La natura di beni comuni del cortile e del vano scala condannano al ripristino dello stato dei luoghi

Relativamente all’elencazione, esemplificativa e non tassativa, prevista dall’art. 1117 c.c. dei beni che si presumono comuni, la Cassazione ha qui precisato che tale presunzione non opera con riguardo ai beni che per le caratteristiche strutturali devono ritenersi destinati oggettivamente al servizio esclusivo di una o più unità immobiliari.
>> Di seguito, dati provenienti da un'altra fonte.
(* Let $\Gamma$ be a congruence subgroup of $\mathrm{SL}_2(\mathbb{Z})$ containing $-I$, of level $N_0$, and let $N=N_0$, $4N_0$ or $2N_0$ according as $v_2(N_0)$ is $0$, $1$ or $\ge2$; assume $N>1$. Let $H$ be the image of $\Gamma$ in $\mathrm{SL}_2(\mathbb{Z}/N\mathbb{Z})$, let $\widetilde H=(\mathbb{Z}/N\mathbb{Z})^\times\cdot H\subseteq\mathrm{GL}_2(\mathbb{Z}/N\mathbb{Z})$, and assume $H=\widetilde H\cap\mathrm{SL}_2(\mathbb{Z}/N\mathbb{Z})$. Let $\mathcal{N}$ be the normalizer of $\widetilde H$ in $\mathrm{GL}_2(\mathbb{Z}/N\mathbb{Z})$, $\mathcal{C}=\mathcal{N}/\widetilde H$, and $Q_N=(\mathbb{Z}/N\mathbb{Z})^\times/((\mathbb{Z}/N\mathbb{Z})^\times)^2$, with $\det\colon\mathcal{C}\to Q_N$ the homomorphism induced by the determinant. Then the subgroups $G(N)\subseteq\mathrm{GL}_2(\mathbb{Z}/N\mathbb{Z})$ satisfying (a) $G(N)\cap\mathrm{SL}_2(\mathbb{Z}/N\mathbb{Z})=H$, (b) $G(N)\supseteq(\mathbb{Z}/N\mathbb{Z})^\times\cdot I$, and (c) $\det(G(N))=(\mathbb{Z}/N\mathbb{Z})^\times$ are precisely the inverse images under $\mathcal{N}\to\mathcal{C}$ of the subgroups $W\subseteq\mathcal{C}$ for which the determinant induces an isomorphism $W\xrightarrow{\sim}Q_N$.
   Context: $v_2$ is the $2$-adic valuation. The determinant induces a map on $\mathcal{C}$ to $Q_N$ because $\det(\widetilde H)=((\mathbb{Z}/N\mathbb{Z})^\times)^2$. *)

theory Defs
  imports "HOL-Algebra.Algebra" "HOL-Computational_Algebra.Primes"
begin

text \<open>2x2 matrices (a,b,c,d) = [[a,b],[c,d]] with integer entries.\<close>
type_synonym mat2 = "int \<times> int \<times> int \<times> int"

fun mmul :: "mat2 \<Rightarrow> mat2 \<Rightarrow> mat2" where
  "mmul (a,b,c,d) (p,q,r,s) = (a*p + b*r, a*q + b*s, c*p + d*r, c*q + d*s)"

fun mdet :: "mat2 \<Rightarrow> int" where
  "mdet (x1,x2,x3,x4) = x1*x4 - x2*x3"

fun mred :: "nat \<Rightarrow> mat2 \<Rightarrow> mat2" where
  "mred N (a,b,c,d) = (a mod int N, b mod int N, c mod int N, d mod int N)"

definition scal :: "int \<Rightarrow> mat2" where
  "scal u = (u, 0, 0, u)"

definition SL2Z :: "mat2 monoid" where
  "SL2Z = \<lparr>carrier = {A. mdet A = 1}, monoid.mult = mmul, monoid.one = (1,0,0,1)\<rparr>"

definition principal_cong :: "nat \<Rightarrow> mat2 set" where
  "principal_cong M = {A \<in> carrier SL2Z. mred M A = mred M (1,0,0,1)}"

definition congruence_subgroup :: "mat2 set \<Rightarrow> bool" where
  "congruence_subgroup \<Gamma> \<longleftrightarrow> subgroup \<Gamma> SL2Z \<and> (\<exists>M>0. principal_cong M \<subseteq> \<Gamma>)"

definition level :: "mat2 set \<Rightarrow> nat" where
  "level \<Gamma> = (LEAST M. M > 0 \<and> principal_cong M \<subseteq> \<Gamma>)"

definition units_mod :: "nat \<Rightarrow> int set" where
  "units_mod N = {u. 0 \<le> u \<and> u < int N \<and> coprime u (int N)}"

definition GL2 :: "nat \<Rightarrow> mat2 monoid" where
  "GL2 N = \<lparr>carrier = {A. mred N A = A \<and> coprime (mdet A) (int N)},
            monoid.mult = (\<lambda>A B. mred N (mmul A B)), monoid.one = mred N (1,0,0,1)\<rparr>"

definition SL2 :: "nat \<Rightarrow> mat2 set" where
  "SL2 N = {A \<in> carrier (GL2 N). mdet A mod int N = 1 mod int N}"

definition UnitsN :: "nat \<Rightarrow> int monoid" where
  "UnitsN N = \<lparr>carrier = units_mod N, monoid.mult = (\<lambda>x y. (x*y) mod int N), monoid.one = 1 mod int N\<rparr>"

definition squares_mod :: "nat \<Rightarrow> int set" where
  "squares_mod N = {(u*u) mod int N | u. u \<in> units_mod N}"

definition QN :: "nat \<Rightarrow> int set monoid" where
  "QN N = UnitsN N Mod squares_mod N"

definition Htilde :: "nat \<Rightarrow> mat2 set \<Rightarrow> mat2 set" where
  "Htilde N H = {mred N (mmul (scal u) h) | u h. u \<in> units_mod N \<and> h \<in> H}"

definition NormHt :: "nat \<Rightarrow> mat2 set \<Rightarrow> mat2 set" where
  "NormHt N H = normalizer (GL2 N) (Htilde N H)"

definition Cgrp :: "nat \<Rightarrow> mat2 set \<Rightarrow> mat2 set monoid" where
  "Cgrp N H = ((GL2 N)\<lparr>carrier := NormHt N H\<rparr>) Mod (Htilde N H)"

text \<open>Map \<C> \<rightarrow> Q_N induced by the determinant: a coset K goes to the
  square class of det g for (any, equivalently some) g in K.\<close>
definition detC :: "nat \<Rightarrow> mat2 set \<Rightarrow> int set" where
  "detC N K = r_coset (UnitsN N) (squares_mod N) (mdet (SOME g. g \<in> K) mod int N)"

definition preimC :: "nat \<Rightarrow> mat2 set \<Rightarrow> mat2 set set \<Rightarrow> mat2 set" where
  "preimC N H W = {g \<in> NormHt N H. r_coset (GL2 N) (Htilde N H) g \<in> W}"

end

theory Submission
  imports Defs "HOL-Number_Theory.Residues"
begin

text \<open>
  Write \<open>K = (\<int>/N\<int>)\<^sup>\<times> \<cdot> H\<close>. Since \<open>det (u h) = u\<^sup>2\<close>, the determinant maps \<open>K\<close> into the
  squares, so \<open>g \<mapsto> det g mod squares\<close> is a homomorphism killing \<open>K\<close>. If \<open>G\<close> satisfies
  (a)--(c), then \<open>K \<subseteq> G\<close>, and an element of \<open>G\<close> with square determinant \<open>u\<^sup>2\<close> differs from
  the scalar \<open>u\<close> by an element of \<open>G \<inter> SL\<^sub>2 = H\<close>; so \<open>K\<close> is exactly the part of \<open>G\<close> with
  square determinant. Being a kernel, \<open>K\<close> is normal in \<open>G\<close>, hence \<open>G \<subseteq> \<N>\<close>, and \<open>G/K\<close> maps
  injectively to \<open>Q\<^sub>N\<close>, surjectively by (c). Conversely, the preimage of a subgroup
  \<open>W \<subseteq> \<C>\<close> contains \<open>K\<close>, and injectivity resp. surjectivity of \<open>W \<rightarrow> Q\<^sub>N\<close> give back (a)
  resp. (c).
\<close>

lemma (in group) r_coset_eq_iff:
  assumes "subgroup H G" "x \<in> carrier G" "y \<in> carrier G"
  shows "H #> x = H #> y \<longleftrightarrow> x \<otimes> inv y \<in> H"
  using assms repr_independence rcos_self subgroup.rcos_module[OF _ is_group] by metis

lemma (in group_hom) subgroup_vimage:
  assumes "subgroup W H"
  shows "subgroup {x \<in> carrier G. h x \<in> W} G"
proof (rule G.subgroupI)
  show "{x \<in> carrier G. h x \<in> W} \<noteq> {}"
    using subgroup.one_closed[OF assms] by force
qed (use assms in \<open>auto intro: subgroup.m_closed subgroup.m_inv_closed\<close>)

text \<open>
  In the application \<open>Gr = GL\<^sub>2(\<int>/N\<int>)\<close>, \<open>U = (\<int>/N\<int>)\<^sup>\<times>\<close>, \<open>d = det\<close>, \<open>Z\<close> is the group of
  scalar matrices, \<open>K = H\<^sup>~\<close> and \<open>Sq\<close> the group of squares.
\<close>

locale det_extension =
  Gr: group Gr + U: comm_group U
  for Gr :: "('a, 'c) monoid_scheme" (structure) and U :: "('b, 'e) monoid_scheme" (structure) +
  fixes d :: "'a \<Rightarrow> 'b" and K Z H :: "'a set" and Sq :: "'b set"
  assumes d_hom: "d \<in> hom Gr U"
    and K_subgroup: "subgroup K Gr"
    and Z_subgroup: "subgroup Z Gr"
    and K_eq: "K = Z <#> H"
    and H_eq: "H = K \<inter> kernel Gr U d"
    and Sq_eq: "Sq = d ` Z"
begin

abbreviation \<N> :: "'a set" where "\<N> \<equiv> normalizer Gr K"

abbreviation \<C> :: "'a set monoid" where "\<C> \<equiv> Gr\<lparr>carrier := \<N>\<rparr> Mod K"

abbreviation det_cls :: "'a set \<Rightarrow> 'b set" where
  "det_cls \<equiv> \<lambda>A. Sq #>\<^bsub>U\<^esub> d (SOME g. g \<in> A)"

abbreviation cls_preimage :: "'a set set \<Rightarrow> 'a set" where
  "cls_preimage W \<equiv> {g \<in> \<N>. K #> g \<in> W}"

sublocale d: group_hom Gr U d
  using d_hom by unfold_locales

lemma Sq_subgroup: "subgroup Sq U"
  unfolding Sq_eq by (rule d.subgroup_img_is_subgroup[OF Z_subgroup])

lemma K_carrier: "K \<subseteq> carrier Gr"
  using K_subgroup by (rule subgroup.subset)

lemma Z_subset_K: "Z \<subseteq> K"
proof
  fix z assume z: "z \<in> Z"
  have "\<one> \<in> H" using subgroup.one_closed[OF K_subgroup] H_eq by (simp add: kernel_def)
  moreover have "z = z \<otimes> \<one>" using z Z_subgroup subgroup.subset by fastforce
  ultimately show "z \<in> K" using z K_eq unfolding set_mult_def by blast
qed

lemma d_image_K: "d ` K \<subseteq> Sq"
proof
  fix y assume "y \<in> d ` K"
  then obtain z h where zh: "z \<in> Z" "h \<in> H" and y: "y = d (z \<otimes> h)"
    using K_eq unfolding set_mult_def by blast
  have "z \<in> carrier Gr" "h \<in> carrier Gr" and "d h = \<one>\<^bsub>U\<^esub>"
    using zh Z_subgroup subgroup.subset H_eq by (auto simp: kernel_def)
  then have "y = d z" using y by simp
  then show "y \<in> Sq" using zh by (simp add: Sq_eq)
qed

sublocale sq_class: group_hom Gr "U Mod Sq" "\<lambda>g. Sq #>\<^bsub>U\<^esub> d g"
proof (intro group_hom.intro group_hom_axioms.intro Gr.is_group)
  have Sq_normal: "Sq \<lhd> U" by (rule U.subgroup_imp_normal[OF Sq_subgroup])
  show "group (U Mod Sq)" by (rule normal.factorgroup_is_group[OF Sq_normal])
  show "(\<lambda>g. Sq #>\<^bsub>U\<^esub> d g) \<in> hom Gr (U Mod Sq)"
    using normal.rcos_sum[OF Sq_normal] subgroup.subset[OF Sq_subgroup]
    by (intro homI) (auto simp: FactGroup_def U.rcosetsI)
qed

lemma Sq_coset_eq_Sq_iff:
  assumes "g \<in> carrier Gr"
  shows "Sq #>\<^bsub>U\<^esub> d g = Sq \<longleftrightarrow> d g \<in> Sq"
  using assms Sq_subgroup U.coset_join1 U.coset_join2 by auto

lemma normalizer_subgroup: "subgroup \<N> Gr"
  by (rule Gr.normalizer_imp_subgroup[OF K_carrier])

lemma normalizer_carrier: "\<N> \<subseteq> carrier Gr"
  using normalizer_subgroup by (rule subgroup.subset)

lemma K_normal: "K \<lhd> Gr\<lparr>carrier := \<N>\<rparr>"
  by (rule Gr.subgroup_in_normalizer[OF K_subgroup])

lemma K_subset_normalizer: "K \<subseteq> \<N>"
  using normal.axioms(1)[OF K_normal] subgroup.subset by force

sublocale cls: group_hom "Gr\<lparr>carrier := \<N>\<rparr>" \<C> "\<lambda>g. K #> g"
proof (intro group_hom.intro group_hom_axioms.intro)
  show "group (Gr\<lparr>carrier := \<N>\<rparr>)" by (rule normal.axioms(2)[OF K_normal])
  show "group \<C>" by (rule normal.factorgroup_is_group[OF K_normal])
  show "(\<lambda>g. K #> g) \<in> hom (Gr\<lparr>carrier := \<N>\<rparr>) \<C>"
    using normal.r_coset_hom_Mod[OF K_normal] by simp
qed

lemma carrier_C: "carrier \<C> = (\<lambda>g. K #> g) ` \<N>"
  by (auto simp: FactGroup_def RCOSETS_def r_coset_def)

lemma det_cls_coset:
  assumes g: "g \<in> carrier Gr"
  shows "det_cls (K #> g) = Sq #>\<^bsub>U\<^esub> d g"
proof -
  have "(SOME x. x \<in> K #> g) \<in> K #> g"
    using Gr.rcos_self[OF g K_subgroup] by (rule someI)
  then obtain k where k: "k \<in> K" and some_eq: "(SOME x. x \<in> K #> g) = k \<otimes> g"
    unfolding r_coset_def by blast
  have kc: "k \<in> carrier Gr" using k K_carrier by blast
  have "Sq #>\<^bsub>U\<^esub> d (k \<otimes> g) = (Sq #>\<^bsub>U\<^esub> d k) #>\<^bsub>U\<^esub> d g"
    using kc g subgroup.subset[OF Sq_subgroup] by (simp add: U.coset_mult_assoc)
  also have "Sq #>\<^bsub>U\<^esub> d k = Sq"
    using Sq_coset_eq_Sq_iff kc k d_image_K by blast
  finally show ?thesis by (simp add: some_eq)
qed

lemma mem_K_iff_d_mem_Sq:
  assumes G: "subgroup G Gr" and KG: "K \<subseteq> G" and GK: "G \<inter> kernel Gr U d \<subseteq> K"
    and g: "g \<in> G"
  shows "g \<in> K \<longleftrightarrow> d g \<in> Sq"
proof
  assume "g \<in> K"
  then show "d g \<in> Sq" using d_image_K by blast
next
  assume "d g \<in> Sq"
  then obtain z where z: "z \<in> Z" and dz: "d z = d g" by (auto simp: Sq_eq)
  have zK: "z \<in> K" and zG: "z \<in> G" using z Z_subset_K KG by auto
  have zc: "z \<in> carrier Gr" and gc: "g \<in> carrier Gr"
    using zK K_carrier g subgroup.subset[OF G] by auto
  have "g \<otimes> inv z \<in> G"
    using g zG G by (simp add: subgroup.m_closed subgroup.m_inv_closed)
  moreover have "d (g \<otimes> inv z) = \<one>\<^bsub>U\<^esub>" using zc gc dz by simp
  ultimately have "g \<otimes> inv z \<in> K" using GK gc zc by (auto simp: kernel_def)
  then have "g \<otimes> inv z \<otimes> z \<in> K" using zK K_subgroup by (simp add: subgroup.m_closed)
  then show "g \<in> K" using gc zc by (simp add: Gr.m_assoc)
qed

lemma subset_normalizer:
  assumes G: "subgroup G Gr" and KG: "K \<subseteq> G" and GK: "G \<inter> kernel Gr U d \<subseteq> K"
  shows "G \<subseteq> \<N>"
proof -
  have Gc: "G \<subseteq> carrier Gr" using G by (rule subgroup.subset)
  interpret G: group "Gr\<lparr>carrier := G\<rparr>" using G by (rule Gr.subgroup_imp_group)
  interpret sqG: group_hom "Gr\<lparr>carrier := G\<rparr>" "U Mod Sq" "\<lambda>g. Sq #>\<^bsub>U\<^esub> d g"
  proof (intro group_hom.intro group_hom_axioms.intro G.is_group sq_class.H.is_group)
    show "(\<lambda>g. Sq #>\<^bsub>U\<^esub> d g) \<in> hom (Gr\<lparr>carrier := G\<rparr>) (U Mod Sq)"
    proof (rule homI)
      fix x y assume "x \<in> carrier (Gr\<lparr>carrier := G\<rparr>)" "y \<in> carrier (Gr\<lparr>carrier := G\<rparr>)"
      then have "x \<in> carrier Gr" "y \<in> carrier Gr" using Gc by auto
      then show "Sq #>\<^bsub>U\<^esub> d (x \<otimes>\<^bsub>Gr\<lparr>carrier := G\<rparr>\<^esub> y)
          = (Sq #>\<^bsub>U\<^esub> d x) \<otimes>\<^bsub>U Mod Sq\<^esub> (Sq #>\<^bsub>U\<^esub> d y)"
        using sq_class.hom_mult by simp
    qed (use Gc in auto)
  qed
  have "kernel (Gr\<lparr>carrier := G\<rparr>) (U Mod Sq) (\<lambda>g. Sq #>\<^bsub>U\<^esub> d g) = K"
    using mem_K_iff_d_mem_Sq[OF G KG GK] Sq_coset_eq_Sq_iff Gc KG
    by (auto simp: kernel_def FactGroup_def)
  then have "K \<lhd> Gr\<lparr>carrier := G\<rparr>" using sqG.normal_kernel by simp
  then show ?thesis
    using Gr.normal_imp_subgroup_normalizer[OF G] subgroup.subset by force
qed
Così si è espressa la Suprema Corte con sentenza n. 14794/17 depositata il 14 giugno. Il caso. Il Tribunale rigettava la domanda dell’attore relativa all’accertamento del diritto a realizzare opere edili di ampliamento del suo appartamento e lo condannava al ripristino dello stato dei luoghi. La Corte d’appello confermava la decisione del Tribunale e rilevava che il primo rogito prevedeva il diritto a costruire su parti comuni ma l’attore non aveva superato la presunzione di proprietà comune della relative aree. Con il successivo rogito la facoltà di costruire non veniva più riportata e il richiamo allo stato di fatto e di diritto dell’immobile nel rogito, fatto dall’attore, non era idoneo a trasferire il diritto di natura personale, stante anche l’intervenuta prescrizione del diritto per mancato esercizio nel periodo intercorso tra il primo e il secondo rogito. L’attore ricorre per cassazione. Facoltà di costruire. La Suprema Corte afferma che l’art. 1117 c.c. contiene un’elencazione solo esemplificativa e non tassativa dei beni che si presumono comuni poiché sono tali anche quelli aventi un’oggettiva e concreta destinazione al servizio comune, salvo che risulti diversamente dal titolo . Per contro, tale presunzione non opera con riguardo a beni che, per le proprie caratteristiche strutturali, devono ritenersi destinati oggettivamente al servizio esclusivo di una o più unità immobiliari . Nella fattispecie, il cortile e il vano scala del condominio sono stati correttamente ritenuti dai Giudici di merito beni comuni. La facoltà di costruire su tali beni non era richiamata negli atti di vendita successivi al primo rogito e, in particolare, non lo era nell’ultimo rogito, con il quale l’attore aveva acquistato l’immobile. Allo scopo di conseguire detta facoltà non risultava utile neppure l’inserimento della clausola di acquisto del bene nello stato di fatto di diritto. Pertanto, rilevata anche l’intervenuta prescrizione del diritto come configurato nel primo rogito per mancato esercizio per più di 20 anni, gli Ermellini rigettano il ricorso e condannano il ricorrente alle spese di giudizio.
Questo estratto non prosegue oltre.